[Collected data]
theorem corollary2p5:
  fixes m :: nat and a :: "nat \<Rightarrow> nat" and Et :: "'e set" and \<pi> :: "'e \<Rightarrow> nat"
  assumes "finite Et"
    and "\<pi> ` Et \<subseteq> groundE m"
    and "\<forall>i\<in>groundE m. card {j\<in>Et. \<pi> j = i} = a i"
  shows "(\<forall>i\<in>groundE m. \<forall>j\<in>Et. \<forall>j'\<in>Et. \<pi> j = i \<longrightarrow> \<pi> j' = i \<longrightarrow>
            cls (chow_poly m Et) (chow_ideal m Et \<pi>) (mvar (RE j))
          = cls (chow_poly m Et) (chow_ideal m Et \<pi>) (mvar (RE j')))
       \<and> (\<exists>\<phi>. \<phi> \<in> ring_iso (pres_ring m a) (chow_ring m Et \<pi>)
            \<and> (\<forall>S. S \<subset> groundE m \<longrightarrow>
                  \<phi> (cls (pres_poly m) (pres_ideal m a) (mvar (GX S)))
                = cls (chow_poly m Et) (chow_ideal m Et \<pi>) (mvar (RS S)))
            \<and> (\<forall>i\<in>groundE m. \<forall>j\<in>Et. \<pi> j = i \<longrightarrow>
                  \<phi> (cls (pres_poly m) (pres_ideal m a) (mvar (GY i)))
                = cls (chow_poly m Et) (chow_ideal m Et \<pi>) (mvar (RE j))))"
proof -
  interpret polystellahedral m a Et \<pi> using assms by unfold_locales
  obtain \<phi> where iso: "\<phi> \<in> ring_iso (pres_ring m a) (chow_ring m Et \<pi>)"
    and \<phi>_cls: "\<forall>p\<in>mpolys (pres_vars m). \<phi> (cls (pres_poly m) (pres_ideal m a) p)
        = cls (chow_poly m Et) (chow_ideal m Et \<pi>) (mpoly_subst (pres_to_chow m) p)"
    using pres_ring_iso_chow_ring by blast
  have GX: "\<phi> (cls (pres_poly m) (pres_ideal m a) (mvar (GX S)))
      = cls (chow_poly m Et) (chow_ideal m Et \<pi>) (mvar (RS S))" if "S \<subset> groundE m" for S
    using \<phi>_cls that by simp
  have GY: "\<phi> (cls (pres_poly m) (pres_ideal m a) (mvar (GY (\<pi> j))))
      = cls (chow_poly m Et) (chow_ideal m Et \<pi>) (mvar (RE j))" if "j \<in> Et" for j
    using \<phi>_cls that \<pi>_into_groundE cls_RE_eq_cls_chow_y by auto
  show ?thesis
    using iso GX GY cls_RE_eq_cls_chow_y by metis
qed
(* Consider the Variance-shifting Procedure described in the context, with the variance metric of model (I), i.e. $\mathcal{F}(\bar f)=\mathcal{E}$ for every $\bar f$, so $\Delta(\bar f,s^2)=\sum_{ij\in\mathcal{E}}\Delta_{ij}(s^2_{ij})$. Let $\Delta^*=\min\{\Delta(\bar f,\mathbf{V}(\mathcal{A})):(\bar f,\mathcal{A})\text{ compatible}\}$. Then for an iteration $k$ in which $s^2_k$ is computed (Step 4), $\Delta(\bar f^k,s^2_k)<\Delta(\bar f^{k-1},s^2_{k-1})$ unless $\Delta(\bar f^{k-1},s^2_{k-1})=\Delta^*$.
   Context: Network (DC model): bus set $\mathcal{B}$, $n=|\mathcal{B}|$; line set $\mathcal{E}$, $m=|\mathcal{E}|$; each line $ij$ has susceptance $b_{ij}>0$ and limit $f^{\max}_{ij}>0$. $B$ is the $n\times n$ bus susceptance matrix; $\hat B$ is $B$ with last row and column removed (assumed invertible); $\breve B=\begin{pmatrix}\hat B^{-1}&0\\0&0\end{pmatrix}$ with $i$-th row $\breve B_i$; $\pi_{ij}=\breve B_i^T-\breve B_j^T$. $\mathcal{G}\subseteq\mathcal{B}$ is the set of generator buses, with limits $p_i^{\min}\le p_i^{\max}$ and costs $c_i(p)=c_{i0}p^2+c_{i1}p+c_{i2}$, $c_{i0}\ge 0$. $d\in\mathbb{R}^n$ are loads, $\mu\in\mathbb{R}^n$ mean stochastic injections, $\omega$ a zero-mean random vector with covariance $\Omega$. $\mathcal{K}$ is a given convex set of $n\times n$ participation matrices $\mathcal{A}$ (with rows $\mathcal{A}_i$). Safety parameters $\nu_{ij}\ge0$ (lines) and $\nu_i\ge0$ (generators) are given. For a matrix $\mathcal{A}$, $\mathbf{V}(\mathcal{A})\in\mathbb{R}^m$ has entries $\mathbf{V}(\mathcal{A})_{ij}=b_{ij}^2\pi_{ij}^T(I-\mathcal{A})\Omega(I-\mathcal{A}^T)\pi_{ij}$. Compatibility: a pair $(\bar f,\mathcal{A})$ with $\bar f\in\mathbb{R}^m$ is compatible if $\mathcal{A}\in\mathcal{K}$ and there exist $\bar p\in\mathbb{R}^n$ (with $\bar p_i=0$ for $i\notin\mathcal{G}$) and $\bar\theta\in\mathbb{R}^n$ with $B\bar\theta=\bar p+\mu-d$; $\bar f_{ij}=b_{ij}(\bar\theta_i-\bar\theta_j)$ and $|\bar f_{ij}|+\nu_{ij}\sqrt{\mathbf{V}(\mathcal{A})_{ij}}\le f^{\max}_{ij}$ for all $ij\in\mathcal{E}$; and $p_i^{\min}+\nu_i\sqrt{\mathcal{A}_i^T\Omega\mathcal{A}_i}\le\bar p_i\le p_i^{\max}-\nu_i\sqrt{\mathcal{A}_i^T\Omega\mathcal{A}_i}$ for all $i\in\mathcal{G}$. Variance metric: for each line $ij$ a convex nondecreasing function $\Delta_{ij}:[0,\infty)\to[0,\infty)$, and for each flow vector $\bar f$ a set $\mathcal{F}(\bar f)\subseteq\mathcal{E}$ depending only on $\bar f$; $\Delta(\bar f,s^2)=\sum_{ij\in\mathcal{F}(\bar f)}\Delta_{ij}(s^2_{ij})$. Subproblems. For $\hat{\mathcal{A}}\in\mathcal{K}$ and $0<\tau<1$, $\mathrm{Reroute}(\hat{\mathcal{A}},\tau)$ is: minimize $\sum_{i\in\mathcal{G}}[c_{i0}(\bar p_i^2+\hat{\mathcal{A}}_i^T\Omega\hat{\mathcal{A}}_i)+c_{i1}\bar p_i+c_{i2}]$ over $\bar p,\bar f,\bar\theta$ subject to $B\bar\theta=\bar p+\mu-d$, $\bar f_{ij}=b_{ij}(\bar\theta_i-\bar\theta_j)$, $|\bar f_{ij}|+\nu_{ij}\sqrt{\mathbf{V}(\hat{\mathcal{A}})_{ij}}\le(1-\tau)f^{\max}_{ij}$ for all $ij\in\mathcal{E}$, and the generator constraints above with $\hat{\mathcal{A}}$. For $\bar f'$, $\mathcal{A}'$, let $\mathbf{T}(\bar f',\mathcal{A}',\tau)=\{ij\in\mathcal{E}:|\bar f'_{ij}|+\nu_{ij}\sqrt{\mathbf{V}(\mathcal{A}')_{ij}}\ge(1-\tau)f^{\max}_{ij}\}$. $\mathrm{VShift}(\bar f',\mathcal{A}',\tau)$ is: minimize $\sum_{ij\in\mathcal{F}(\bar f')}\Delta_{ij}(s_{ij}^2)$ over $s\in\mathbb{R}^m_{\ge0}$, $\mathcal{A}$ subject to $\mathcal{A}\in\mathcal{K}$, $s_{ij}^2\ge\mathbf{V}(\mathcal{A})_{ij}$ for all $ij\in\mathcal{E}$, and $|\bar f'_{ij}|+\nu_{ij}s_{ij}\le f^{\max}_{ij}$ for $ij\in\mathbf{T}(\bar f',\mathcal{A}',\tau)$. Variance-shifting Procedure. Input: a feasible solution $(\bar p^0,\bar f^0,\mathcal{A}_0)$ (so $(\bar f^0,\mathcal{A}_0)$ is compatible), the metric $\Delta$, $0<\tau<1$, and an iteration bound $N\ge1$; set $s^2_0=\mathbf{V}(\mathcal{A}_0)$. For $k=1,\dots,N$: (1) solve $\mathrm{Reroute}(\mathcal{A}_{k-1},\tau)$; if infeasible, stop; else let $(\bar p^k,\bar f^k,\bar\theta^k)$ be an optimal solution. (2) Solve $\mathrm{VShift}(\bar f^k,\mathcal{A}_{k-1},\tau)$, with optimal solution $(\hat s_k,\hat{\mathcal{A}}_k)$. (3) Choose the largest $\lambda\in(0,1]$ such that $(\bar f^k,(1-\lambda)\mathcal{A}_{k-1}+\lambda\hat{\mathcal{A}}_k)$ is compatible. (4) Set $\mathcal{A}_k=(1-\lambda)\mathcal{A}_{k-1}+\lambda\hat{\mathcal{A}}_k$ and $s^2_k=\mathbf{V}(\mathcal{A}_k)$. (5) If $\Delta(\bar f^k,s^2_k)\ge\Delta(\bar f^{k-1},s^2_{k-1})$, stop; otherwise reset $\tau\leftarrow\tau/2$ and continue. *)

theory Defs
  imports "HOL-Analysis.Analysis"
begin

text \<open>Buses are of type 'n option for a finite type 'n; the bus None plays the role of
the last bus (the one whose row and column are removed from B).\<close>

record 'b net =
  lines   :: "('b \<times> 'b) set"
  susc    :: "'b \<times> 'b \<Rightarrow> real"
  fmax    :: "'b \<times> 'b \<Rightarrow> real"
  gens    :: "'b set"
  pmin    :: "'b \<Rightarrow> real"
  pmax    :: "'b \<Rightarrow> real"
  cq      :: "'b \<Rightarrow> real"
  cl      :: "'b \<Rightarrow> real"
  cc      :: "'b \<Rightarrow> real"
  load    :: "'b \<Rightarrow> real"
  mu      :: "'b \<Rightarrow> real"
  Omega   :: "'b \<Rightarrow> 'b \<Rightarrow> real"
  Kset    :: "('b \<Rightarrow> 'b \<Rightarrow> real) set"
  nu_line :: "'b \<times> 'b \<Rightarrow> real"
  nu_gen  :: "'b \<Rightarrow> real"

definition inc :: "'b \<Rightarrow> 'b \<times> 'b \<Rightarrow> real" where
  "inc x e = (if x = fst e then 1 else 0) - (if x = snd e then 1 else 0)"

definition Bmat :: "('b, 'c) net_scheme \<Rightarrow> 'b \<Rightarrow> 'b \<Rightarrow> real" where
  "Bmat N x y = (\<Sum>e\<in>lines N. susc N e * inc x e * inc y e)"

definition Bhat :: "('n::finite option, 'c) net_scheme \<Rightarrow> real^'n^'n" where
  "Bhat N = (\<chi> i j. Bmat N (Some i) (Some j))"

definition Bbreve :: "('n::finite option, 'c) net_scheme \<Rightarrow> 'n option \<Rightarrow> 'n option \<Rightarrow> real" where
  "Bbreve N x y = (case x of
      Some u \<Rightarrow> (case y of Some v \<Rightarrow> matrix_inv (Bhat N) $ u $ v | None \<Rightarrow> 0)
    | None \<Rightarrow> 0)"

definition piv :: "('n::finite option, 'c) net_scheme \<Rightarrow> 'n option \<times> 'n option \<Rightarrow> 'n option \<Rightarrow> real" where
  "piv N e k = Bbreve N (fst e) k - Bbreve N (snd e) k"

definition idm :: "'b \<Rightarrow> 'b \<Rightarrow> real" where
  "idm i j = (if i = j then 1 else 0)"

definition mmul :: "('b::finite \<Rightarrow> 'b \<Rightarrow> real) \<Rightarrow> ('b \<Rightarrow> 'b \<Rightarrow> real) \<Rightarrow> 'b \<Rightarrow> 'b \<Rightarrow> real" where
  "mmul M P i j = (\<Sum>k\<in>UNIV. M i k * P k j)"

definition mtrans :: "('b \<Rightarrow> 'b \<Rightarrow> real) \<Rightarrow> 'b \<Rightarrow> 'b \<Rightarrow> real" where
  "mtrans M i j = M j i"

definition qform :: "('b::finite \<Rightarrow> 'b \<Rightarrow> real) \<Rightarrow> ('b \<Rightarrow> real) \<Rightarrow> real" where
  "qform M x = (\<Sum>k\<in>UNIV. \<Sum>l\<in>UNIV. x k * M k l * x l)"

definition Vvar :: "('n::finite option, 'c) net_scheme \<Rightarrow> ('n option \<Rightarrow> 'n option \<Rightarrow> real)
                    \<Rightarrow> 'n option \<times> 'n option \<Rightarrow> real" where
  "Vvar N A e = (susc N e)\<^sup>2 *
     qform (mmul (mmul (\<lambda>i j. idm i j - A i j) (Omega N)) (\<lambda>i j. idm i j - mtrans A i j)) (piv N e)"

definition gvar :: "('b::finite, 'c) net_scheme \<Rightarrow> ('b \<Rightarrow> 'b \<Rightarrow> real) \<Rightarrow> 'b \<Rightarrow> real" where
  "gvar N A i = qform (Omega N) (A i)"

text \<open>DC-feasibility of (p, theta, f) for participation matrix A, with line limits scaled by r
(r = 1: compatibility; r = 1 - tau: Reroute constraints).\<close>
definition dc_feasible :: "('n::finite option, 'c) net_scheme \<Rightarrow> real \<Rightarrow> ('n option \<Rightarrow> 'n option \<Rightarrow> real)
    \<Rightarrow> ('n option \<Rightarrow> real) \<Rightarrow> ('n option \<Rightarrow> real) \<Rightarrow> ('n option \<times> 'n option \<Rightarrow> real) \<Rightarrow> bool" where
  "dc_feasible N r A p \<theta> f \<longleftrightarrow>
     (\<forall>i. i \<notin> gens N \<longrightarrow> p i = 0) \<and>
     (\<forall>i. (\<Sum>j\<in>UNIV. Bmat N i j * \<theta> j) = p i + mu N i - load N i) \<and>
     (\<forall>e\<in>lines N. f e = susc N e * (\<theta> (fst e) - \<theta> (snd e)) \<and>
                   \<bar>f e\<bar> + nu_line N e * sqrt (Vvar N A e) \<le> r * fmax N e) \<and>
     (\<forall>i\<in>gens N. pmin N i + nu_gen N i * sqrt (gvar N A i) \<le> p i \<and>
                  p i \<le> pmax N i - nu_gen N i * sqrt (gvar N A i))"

Exercise directions: Throughout the records, the word "mmul" shows up on certain lines. Report how many lines, with only the number.

Reply: 3